Entrada de um dos templos em Jaraguá do Sul. | Foto Eduardo Montecino/OCP News

Além das lojas, a maçonaria jaraguaense conta ainda com as Sociedade Obreiros de Jaraguá do Sul, Sociedade Humanitas Jaraguaense e Associação Ciência e Artes como suas entidades civis de relações com a sociedade. Também existem a Ordem DeMolay e a Ordem das Filhas de Jó, entidades paramaçônicas de aprendizado para jovens e prática da filantropia.

Quem são os maçons?

No geral, os maçons brasileiros são homens autônomos de classe média, como advogados, médicos e trabalhadores em geral.

"Dificilmente pessoas como os artistas, grandes empresários ou políticos conseguem frequentar a maçonaria, por uma questão de agenda, pois exige esse tempo para se dedicar aos estudos e a frequência das reuniões", completa Piva.

Uma vez iniciado na maçonaria, a pessoa é considerada maçom para o resto da vida e será tratado como um 'irmão' em qualquer lugar do mundo. Aquele que se afastar por um tempo, poderá se 'regularizar' e voltar à prática, acabando com a lenda de que a pessoa que entra na maçonaria nunca mais pode sair.

Maçonaria em números

Jaraguá do Sul conta atualmente com oito lojas e quatro templos para reunião, cada um seguindo ordens diferentes. A maioria dos grupos se reúne semanalmente, mas alguns fazem reuniões quinzenais ou mensais. Veja os números na cidade, região, Estado e país:

  • Jaraguá do Sul: aproximadamente 220 maçons ativos (mais de 200 inativos que se afastaram das atividades);
  • Microrregião: cerca de 400 ativos;
  • Santa Catarina: em torno de 10 mil ativos;
  • Brasil: aproximadamente 220 mil ativos.

Simbologia maçônica

A maçonaria conta com diversos símbolos, que têm os mais diversos significados. Os mais conhecidos são o esquadro e o compasso, instrumentos usados pelos pedreiros desde a idade média. Conheça alguns dos símbolos e termos maçônicos e seus significados:

  • Símbolos

Avental: usado por todos os maçons durante as reuniões. Representa a pureza e a inocência. É branco para os aprendizes e companheiros. Para os mestres tem cores que representam diferentes graus.

Foto Eduardo Montecino/OCP News

Balandrau: é o traje típico maçônico usado por baixo do avental. É de cor preta, com comprimento abaixo dos joelhos, mangas largas e compridas. Tem o objetivo de padronizar as vestimentas, sem fazer distinção de roupas caras ou mais simples.

Compasso: é o símbolo do espírito, do pensamento nas diversas formas de raciocínio. É também considerado o instrumento de Deus para desenhar seus planos.

Corda de 81 nós: simboliza os laços de amor fraterno. É encontrada no alto das paredes dos templos, com duas pontas representando a justiça e prudência.
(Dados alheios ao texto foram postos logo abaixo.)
theorem mainTheorem1:
  fixes X :: "'a topology" and I :: "'i set"
    and Y :: "'i \<Rightarrow> 'b topology" and f :: "'i \<Rightarrow> 'a \<Rightarrow> 'b"
  assumes cont_regular: "regularCard (card_of (UNIV :: real set))"
    and I_card: "(card_of I, card_of (UNIV :: real set)) \<in> ordIso"
    and X_polish: "Polish_space X"
    and Y_polish: "\<forall>i\<in>I. Polish_space (Y i)"
    and onto: "\<forall>i\<in>I. f i ` topspace X = topspace (Y i)"
    and small_fibres: "\<forall>i\<in>I. \<forall>y\<in>topspace (Y i).
                        (card_of {x \<in> topspace X. f i x = y}, card_of (UNIV :: real set)) \<in> ordLess"
  shows "\<exists>A \<subseteq> topspace X. \<forall>i\<in>I. Bernstein_set (Y i) (f i ` A)"
proof -
  define T where "T = (\<lambda>(i, P). (f i, P)) ` (SIGMA i : I. {P. perfect_set (Y i) P \<and> P \<noteq> {}})"
  have T_Sigma: "|T| \<le>o |SIGMA i : I. {P. perfect_set (Y i) P}|"
    unfolding T_def by (rule ordLeq_transitive[OF card_of_image card_of_mono1]) auto
  have "|T| \<le>o |UNIV :: real set|"
    using ordLeq_transitive[OF T_Sigma
        card_of_Sigma_perfect_set_Polish_spaces[OF ordIso_imp_ordLeq[OF I_card] Y_polish]] .
  moreover have "|{x \<in> topspace X. F x = y}| <o |UNIV :: real set|" if "(F, P) \<in> T" "y \<in> P" for F P y
    using that small_fibres unfolding T_def perfect_set_def closedin_def by auto
  moreover have "|UNIV :: real set| \<le>o |P|" if "(F, P) \<in> T" for F P
    using that Y_polish unfolding T_def by (auto intro: card_of_perfect_set_Polish_space)
  moreover have "P \<subseteq> F ` topspace X" if "(F, P) \<in> T" for F P
    using that onto unfolding T_def perfect_set_def closedin_def by auto
  ultimately have "\<exists>A \<subseteq> topspace X. \<forall>(F, P) \<in> T. F ` A \<inter> P \<noteq> {} \<and> P - F ` A \<noteq> {}"
    by (rule regularCard_meet_and_miss[OF cont_regular infinite_UNIV_char_0])
  then obtain A where A: "A \<subseteq> topspace X"
    and meets_misses: "\<forall>(F, P) \<in> T. F ` A \<inter> P \<noteq> {} \<and> P - F ` A \<noteq> {}"
    by blast
  have "Bernstein_set (Y i) (f i ` A)" if "i \<in> I" for i
  proof (rule Bernstein_setI)
    show "f i ` A \<subseteq> topspace (Y i)" using A onto that by blast
    show "f i ` A \<inter> P \<noteq> {} \<and> P - f i ` A \<noteq> {}" if "perfect_set (Y i) P" "P \<noteq> {}" for P
    proof -
      have "(f i, P) \<in> T" unfolding T_def using \<open>i \<in> I\<close> that by auto
      then show ?thesis using meets_misses by auto
    qed
  qed
  with A show ?thesis by blast
qed
(* Fix a real number $\rho\ge 1$. For each positive integer $m$, let $L=2m+2\rho$ and consider the instance with one sensor at location $0$ with radius $\rho$ and $m$ sensors at locations $2k-1$ ($k=1,\dots,m$) with radius $1$. Let $A_m$ be the minimum cost of a feasible order-preserving solution and $O_m$ the minimum cost of a feasible solution of this instance. Then $A_m/O_m\to\rho$ as $m\to\infty$.
   Context: Barrier coverage problem: an instance consists of a barrier length $L>0$ and $n$ sensors; sensor $i$ has a location $x_i\in\mathbb{R}$ and a radius $r_i>0$. The sensors are indexed so that $x_1\le x_2\le\cdots\le x_n$. A solution is a vector $y\in\mathbb{R}^n$; sensor $i$ at $y_i$ covers $[y_i-r_i,y_i+r_i]$. The solution is feasible if $[0,L]\subseteq\bigcup_i [y_i-r_i,y_i+r_i]$; its cost is $\sum_i|y_i-x_i|$. A set $S$ is active for $y$ if $[0,L]\subseteq\bigcup_{i\in S}[y_i-r_i,y_i+r_i]$. A solution $y$ is order-preserving if it has an active set $S$ such that for all $i,j\in S$ with $i<j$ we have $y_i<y_j$. (In the instance, the ratio of largest to smallest radius is $\rho$.) *)

theory Defs
  imports Complex_Main
begin

text \<open>Barrier coverage. Sensors are indexed 0..n-1 (i < n); x i location, r i radius,
  y i new position. Only the values of y on i < n matter.\<close>

definition active :: "(nat \<Rightarrow> real) \<Rightarrow> real \<Rightarrow> (nat \<Rightarrow> real) \<Rightarrow> nat set \<Rightarrow> bool" where
  "active r L y S \<longleftrightarrow> {0..L} \<subseteq> (\<Union>i\<in>S. {y i - r i .. y i + r i})"

definition feasible :: "nat \<Rightarrow> (nat \<Rightarrow> real) \<Rightarrow> real \<Rightarrow> (nat \<Rightarrow> real) \<Rightarrow> bool" where
  "feasible n r L y \<longleftrightarrow> active r L y {..<n}"

definition order_preserving :: "nat \<Rightarrow> (nat \<Rightarrow> real) \<Rightarrow> real \<Rightarrow> (nat \<Rightarrow> real) \<Rightarrow> bool" where
  "order_preserving n r L y \<longleftrightarrow>
     (\<exists>S \<subseteq> {..<n}. active r L y S \<and> (\<forall>i\<in>S. \<forall>j\<in>S. i < j \<longrightarrow> y i < y j))"
lemma restrict_support_mult:
  "restrict_support E (p * q) = restrict_support E p * restrict_support E q"
proof -
  have "p * q = (\<Sum>u\<in>keys p. \<Sum>v\<in>keys q. single (u + v) (lookup p u * lookup q v))"
    by (subst poly_mapping_monomial_expansion[of p], subst poly_mapping_monomial_expansion[of q])
      (simp add: sum_product mult_single)
  then have "restrict_support E (p * q) =
      (\<Sum>u\<in>keys p. \<Sum>v\<in>keys q. restrict_support E (single (u + v) (lookup p u * lookup q v)))"
    by (simp add: restrict_support_sum)
  also have "\<dots> = (\<Sum>u\<in>keys p. \<Sum>v\<in>keys q.
      (if keys u \<subseteq> E then single u (lookup p u) else 0) *
      (if keys v \<subseteq> E then single v (lookup q v) else 0))"
    by (intro sum.cong refl) (auto simp: restrict_support_single keys_add_nat mult_single)
  also have "\<dots> = restrict_support E p * restrict_support E q"
    by (simp add: restrict_support_expansion sum_product)
  finally show ?thesis .
qed

lemma restrict_support_power: "restrict_support E (p ^ n) = restrict_support E p ^ n"
proof (induction n)
  case 0
  show ?case by (rule poly_mapping_eqI) (auto simp: lookup_restrict_support lookup_one when_def)
qed (simp add: restrict_support_mult)

section \<open>Lattice fibres\<close>

definition exp_diff :: "(nat \<Rightarrow>\<^sub>0 nat) \<Rightarrow> (nat \<Rightarrow>\<^sub>0 nat) \<Rightarrow> nat \<Rightarrow> int" where
  "exp_diff a b = (\<lambda>i. int (lookup a i) - int (lookup b i))"

lemma lattice_add: "is_lattice m L \<Longrightarrow> u \<in> L \<Longrightarrow> v \<in> L \<Longrightarrow> (\<lambda>i. u i + v i) \<in> L"
  and lattice_uminus: "is_lattice m L \<Longrightarrow> u \<in> L \<Longrightarrow> (\<lambda>i. - u i) \<in> L"
  and lattice_zero: "is_lattice m L \<Longrightarrow> (\<lambda>_. 0) \<in> L"
  and lattice_subset_zvec: "is_lattice m L \<Longrightarrow> u \<in> L \<Longrightarrow> u \<in> zvec m"
  unfolding is_lattice_def by blast+

lemma lookup_posp: "lookup (posp m u) i = (if i < m then nat (u i) else 0)"
proof -
  have "finite {i. (if i < m then nat (u i) else 0) \<noteq> 0}"
    by (rule finite_subset[of _ "{..<m}"]) auto
  then show ?thesis
    unfolding posp_def by simp
qed

lemma is_exp_posp: "is_exp m (posp m u)"
  unfolding is_exp_def by (auto simp: in_keys_iff lookup_posp split: if_splits)

lemma exp_diff_posp: "u \<in> zvec m \<Longrightarrow> exp_diff (posp m u) (posp m (\<lambda>i. - u i)) = u"
  unfolding exp_diff_def zvec_def by (auto simp: lookup_posp fun_eq_iff)

lemma exp_diff_self: "exp_diff u u = (\<lambda>_. 0)"
  by (simp add: exp_diff_def)

lemma exp_diff_commute_in_lattice:
  "is_lattice m L \<Longrightarrow> exp_diff a b \<in> L \<Longrightarrow> exp_diff b a \<in> L"
  using lattice_uminus[of m L "exp_diff a b"] by (simp add: exp_diff_def)

lemma exp_diff_in_lattice_shift:
  assumes L: "is_lattice m L" and ab: "exp_diff a b \<in> L"
  shows "exp_diff (u + a) c \<in> L \<longleftrightarrow> exp_diff (u + b) c \<in> L"
proof
  assume "exp_diff (u + a) c \<in> L"
  from lattice_add[OF L this lattice_uminus[OF L ab]]
  show "exp_diff (u + b) c \<in> L" by (simp add: exp_diff_def lookup_add algebra_simps)
next
  assume "exp_diff (u + b) c \<in> L"
  from lattice_add[OF L this ab]
  show "exp_diff (u + a) c \<in> L" by (simp add: exp_diff_def lookup_add algebra_simps)
qed

lemma binomial_in_lattice_ideal:
  assumes L: "is_lattice m L" and g: "is_exp m g" and h: "is_exp m h"
    and gh: "exp_diff g h \<in> L"
  shows "(xmon g - xmon h :: 'k::comm_ring_1 mpoly) \<in> lattice_ideal K m L"
proof -
  define u where "u = exp_diff g h"
  define c where "c = Abs_poly_mapping (\<lambda>i. min (lookup g i) (lookup h i))"
  have "finite {i. min (lookup g i) (lookup h i) \<noteq> 0}"
    by (rule finite_subset[of _ "keys g"]) (auto simp: in_keys_iff)
  then have lookup_c: "lookup c i = min (lookup g i) (lookup h i)" for i
    unfolding c_def by simp
  have outside: "lookup g i = 0" "lookup h i = 0" if "\<not> i < m" for i
    using g h that unfolding is_exp_def by (auto simp: in_keys_iff)
  have "g = c + posp m u" "h = c + posp m (\<lambda>i. - u i)"
    by (auto intro!: poly_mapping_eqI simp: lookup_add lookup_posp lookup_c u_def exp_diff_def outside)
  then have "xmon g - xmon h = xmon c * (xmon (posp m u) - xmon (posp m (\<lambda>i. - u i)) :: 'k mpoly)"
    by (metis xmon_add right_diff_distrib)
  moreover have "keys c \<subseteq> keys g"
    by (auto simp: in_keys_iff lookup_c)
  then have "is_exp m c"
    using g unfolding is_exp_def by blast
  ultimately show ?thesis
    unfolding lattice_ideal_def gen_ideal_def using gh u_def
    by (intro CollectI exI[of _ "{xmon (posp m u) - xmon (posp m (\<lambda>i. - u i))}"]
        exI[of _ "\<lambda>_. xmon c"] conjI) (auto intro: xmon_in_polys)
qed

lemma lattice_ideal_subset_polys: "lattice_ideal K m L \<subseteq> polys m"
  unfolding lattice_ideal_def
  by (rule gen_ideal_subset_polys) (auto intro!: polys_diff xmon_in_polys is_exp_posp)

text \<open>The coefficient sum over an \<open>L\<close>-fibre vanishes on \<open>I\<^sub>L\<close>; this is why every monomial of an
  element of \<open>I\<^sub>L\<close> has a partner in its fibre.\<close>

definition fibre_coeff_sum :: "(nat \<Rightarrow> int) set \<Rightarrow> (nat \<Rightarrow>\<^sub>0 nat) \<Rightarrow> 'k::comm_ring_1 mpoly \<Rightarrow> 'k"
  where "fibre_coeff_sum L a p = (\<Sum>u\<in>keys p. if exp_diff u a \<in> L then lookup p u else 0)"

lemma fibre_coeff_sum_add:
  "fibre_coeff_sum L a (p + q) = fibre_coeff_sum L a p + fibre_coeff_sum L a q"
  unfolding fibre_coeff_sum_def by (rule setsum_keys_plus_distrib) auto

lemma fibre_coeff_sum_diff:
  "fibre_coeff_sum L a (p - q) = fibre_coeff_sum L a p - fibre_coeff_sum L a q"
  using fibre_coeff_sum_add[of L a "p - q" q] by simp

lemma fibre_coeff_sum_sum: "fibre_coeff_sum L a (sum f A) = (\<Sum>x\<in>A. fibre_coeff_sum L a (f x))"
  by (induction A rule: infinite_finite_induct)
    (simp_all add: fibre_coeff_sum_add, simp_all add: fibre_coeff_sum_def)

lemma fibre_coeff_sum_single:
  "fibre_coeff_sum L a (single u c) = (if exp_diff u a \<in> L then c else 0)"
  by (simp add: fibre_coeff_sum_def)

lemma fibre_coeff_sum_times_binomial:
  assumes L: "is_lattice m L" and bb': "exp_diff b b' \<in> L"
  shows "fibre_coeff_sum L a ((c::'k::comm_ring_1 mpoly) * (single b 1 - single b' 1)) = 0"
proof -
  have "fibre_coeff_sum L a (c * (single b 1 - single b' 1)) =
      fibre_coeff_sum L a (c * single b 1) - fibre_coeff_sum L a (c * single b' 1)"
    by (simp only: right_diff_distrib fibre_coeff_sum_diff)
  also have "\<dots> = 0"
    by (simp add: times_single_one_expansion fibre_coeff_sum_sum fibre_coeff_sum_single
        exp_diff_in_lattice_shift[OF L bb'])
  finally show ?thesis .
qed

lemma fibre_coeff_sum_lattice_ideal:
  assumes L: "is_lattice m L" and p: "p \<in> lattice_ideal K m L"
  shows "fibre_coeff_sum L a p = 0"
proof -
  obtain G c where G: "G \<subseteq> {xmon (posp m u) - xmon (posp m (\<lambda>i. - u i)) | u. u \<in> L}"
    and p: "p = (\<Sum>g\<in>G. c g * g)"
    using p unfolding lattice_ideal_def gen_ideal_def by blast
  have "fibre_coeff_sum L a (c g * g) = 0" if "g \<in> G" for g
  proof -
    obtain u where u: "u \<in> L" "g = xmon (posp m u) - xmon (posp m (\<lambda>i. - u i))"
      using G \<open>g \<in> G\<close> by blast
    then have "exp_diff (posp m u) (posp m (\<lambda>i. - u i)) \<in> L"
      using exp_diff_posp lattice_subset_zvec[OF L] by simp
    from fibre_coeff_sum_times_binomial[OF L this] show ?thesis
      using u by (simp only: xmon_def)
  qed
  then show ?thesis
    by (simp add: p fibre_coeff_sum_sum)
qed

lemma lattice_ideal_monomial_partner:
  assumes L: "is_lattice m L" and p: "p \<in> lattice_ideal K m L" and u: "u \<in> keys p"
  shows "\<exists>u'\<in>keys p. u' \<noteq> u \<and> exp_diff u' u \<in> L"
proof (rule ccontr)
  assume "\<not> ?thesis"
  then have "fibre_coeff_sum L u p = (\<Sum>x\<in>keys p. if x = u then lookup p u else 0)"
    unfolding fibre_coeff_sum_def
    by (intro sum.cong refl) (auto simp: exp_diff_self lattice_zero[OF L])
  also have "\<dots> = lookup p u"
    using u by simp
  finally show False
    using fibre_coeff_sum_lattice_ideal[OF L p] u by (simp add: in_keys_iff)
qed

section \<open>Indispensable monomials\<close>

definition has_fibre_partner :: "nat \<Rightarrow> (nat \<Rightarrow> int) set \<Rightarrow> (nat \<Rightarrow>\<^sub>0 nat) \<Rightarrow> bool" where
  "has_fibre_partner m L g \<longleftrightarrow> is_exp m g \<and> (\<exists>h. is_exp m h \<and> h \<noteq> g \<and> exp_diff g h \<in> L)"

lemma lattice_ideal_monomial_has_fibre_partner:
  assumes L: "is_lattice m L" and p: "p \<in> lattice_ideal K m L" and u: "u \<in> keys p"
  shows "has_fibre_partner m L u"
proof -
  obtain u' where "u' \<in> keys p" "u' \<noteq> u" "exp_diff u' u \<in> L"
    using lattice_ideal_monomial_partner[OF L p u] by blast
  moreover have "p \<in> polys m"
    using p lattice_ideal_subset_polys by blast
  ultimately show ?thesis
    unfolding has_fibre_partner_def polys_def using u exp_diff_commute_in_lattice[OF L] by blast
qed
A abertura na corda simboliza que a maçonaria está sempre aberta a novas ideias que contribuam para a evolução do homem.

Foto Eduardo Montecino/OCP News

Escada: liga o céu e a terra. Os três primeiros degraus representam os ideais: fé, esperança e caridade.

Esquadro: significa a retidão. Ao contrário do compasso, representa a matéria, o percurso correto que os membros devem seguir em busca da moralidade e do civismo.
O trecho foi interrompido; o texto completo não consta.